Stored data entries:
┄┄┄┄┄┄

(* There exist absolute constants $0<\tau<10^{-4}$, $c\ge\tau$ and $n_0$ such that for every $n\ge n_0$ the following holds. Let $K\subseteq\mathbb{R}^n$ be a convex set with $|\mathrm{vol}(K)-1/2|\le c/n$ such that some point $x\notin K$ has $\|x\|_2\le\tau$. Then, viewing $K$ as $K:\mathbb{R}^n\to\{-1,1\}$, $\mathsf{W}^{\le1}[K]\ge 1/18$.
   Context: $\mathrm{vol}(K)=\Pr_{\mathbf{g}\sim N(0,I_n)}[\mathbf{g}\in K]$. $K(x)=1$ if $x\in K$ and $-1$ otherwise. For $S\in\mathbb{N}^n$, $H_S(x)=\prod_i h_{S_i}(x_i)$ with $h_j$ the normalized univariate Hermite polynomials; $\tilde f(S)=\mathbf{E}_{\mathbf{g}\sim N(0,I_n)}[f(\mathbf{g})H_S(\mathbf{g})]$, $|S|=\sum_iS_i$, and $\mathsf{W}^{\le1}[f]=\sum_{|S|\le1}\tilde f(S)^2$. *)

theory Defs
  imports "HOL-Probability.Probability"
begin

text \<open>Points of R^n are represented as extensional functions nat => real supported on {..<n}.\<close>

definition Rn :: "nat \<Rightarrow> (nat \<Rightarrow> real) set" where
  "Rn n = PiE {..<n} (\<lambda>_. UNIV)"

text \<open>Standard Gaussian measure N(0,I_n), completed so that every convex set is measurable.\<close>
definition gauss :: "nat \<Rightarrow> (nat \<Rightarrow> real) measure" where
  "gauss n = completion (PiM {..<n} (\<lambda>_. density lborel std_normal_density))"

definition convex_Rn :: "nat \<Rightarrow> (nat \<Rightarrow> real) set \<Rightarrow> bool" where
  "convex_Rn n K \<longleftrightarrow> K \<subseteq> Rn n \<and>
     (\<forall>x\<in>K. \<forall>y\<in>K. \<forall>t::real. 0 \<le> t \<and> t \<le> 1 \<longrightarrow>
        (\<lambda>i\<in>{..<n}. (1 - t) * x i + t * y i) \<in> K)"

definition gvol :: "nat \<Rightarrow> (nat \<Rightarrow> real) set \<Rightarrow> real" where
  "gvol n K = measure (gauss n) K"

definition enorm :: "nat \<Rightarrow> (nat \<Rightarrow> real) \<Rightarrow> real" where
  "enorm n x = sqrt (\<Sum>i<n. (x i)\<^sup>2)"

definition pm_ind :: "(nat \<Rightarrow> real) set \<Rightarrow> (nat \<Rightarrow> real) \<Rightarrow> real" where
  "pm_ind K x = (if x \<in> K then 1 else -1)"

┄┄┄┄┄┄

## Exercise description
Output each entry exactly as written, leaving none out.

## Solution to the exercise
(* There exist absolute constants $0<\tau<10^{-4}$, $c\ge\tau$ and $n_0$ such that for every $n\ge n_0$ the following holds. Let $K\subseteq\mathbb{R}^n$ be a convex set with $|\mathrm{vol}(K)-1/2|\le c/n$ such that some point $x\notin K$ has $\|x\|_2\le\tau$. Then, viewing $K$ as $K:\mathbb{R}^n\to\{-1,1\}$, $\mathsf{W}^{\le1}[K]\ge 1/18$.
   Context: $\mathrm{vol}(K)=\Pr_{\mathbf{g}\sim N(0,I_n)}[\mathbf{g}\in K]$. $K(x)=1$ if $x\in K$ and $-1$ otherwise. For $S\in\mathbb{N}^n$, $H_S(x)=\prod_i h_{S_i}(x_i)$ with $h_j$ the normalized univariate Hermite polynomials; $\tilde f(S)=\mathbf{E}_{\mathbf{g}\sim N(0,I_n)}[f(\mathbf{g})H_S(\mathbf{g})]$, $|S|=\sum_iS_i$, and $\mathsf{W}^{\le1}[f]=\sum_{|S|\le1}\tilde f(S)^2$. *)

theory Defs
  imports "HOL-Probability.Probability"
begin

text \<open>Points of R^n are represented as extensional functions nat => real supported on {..<n}.\<close>

definition Rn :: "nat \<Rightarrow> (nat \<Rightarrow> real) set" where
  "Rn n = PiE {..<n} (\<lambda>_. UNIV)"

text \<open>Standard Gaussian measure N(0,I_n), completed so that every convex set is measurable.\<close>
definition gauss :: "nat \<Rightarrow> (nat \<Rightarrow> real) measure" where
  "gauss n = completion (PiM {..<n} (\<lambda>_. density lborel std_normal_density))"

definition convex_Rn :: "nat \<Rightarrow> (nat \<Rightarrow> real) set \<Rightarrow> bool" where
  "convex_Rn n K \<longleftrightarrow> K \<subseteq> Rn n \<and>
     (\<forall>x\<in>K. \<forall>y\<in>K. \<forall>t::real. 0 \<le> t \<and> t \<le> 1 \<longrightarrow>
        (\<lambda>i\<in>{..<n}. (1 - t) * x i + t * y i) \<in> K)"

definition gvol :: "nat \<Rightarrow> (nat \<Rightarrow> real) set \<Rightarrow> real" where
  "gvol n K = measure (gauss n) K"

definition enorm :: "nat \<Rightarrow> (nat \<Rightarrow> real) \<Rightarrow> real" where
  "enorm n x = sqrt (\<Sum>i<n. (x i)\<^sup>2)"

definition pm_ind :: "(nat \<Rightarrow> real) set \<Rightarrow> (nat \<Rightarrow> real) \<Rightarrow> real" where
  "pm_ind K x = (if x \<in> K then 1 else -1)"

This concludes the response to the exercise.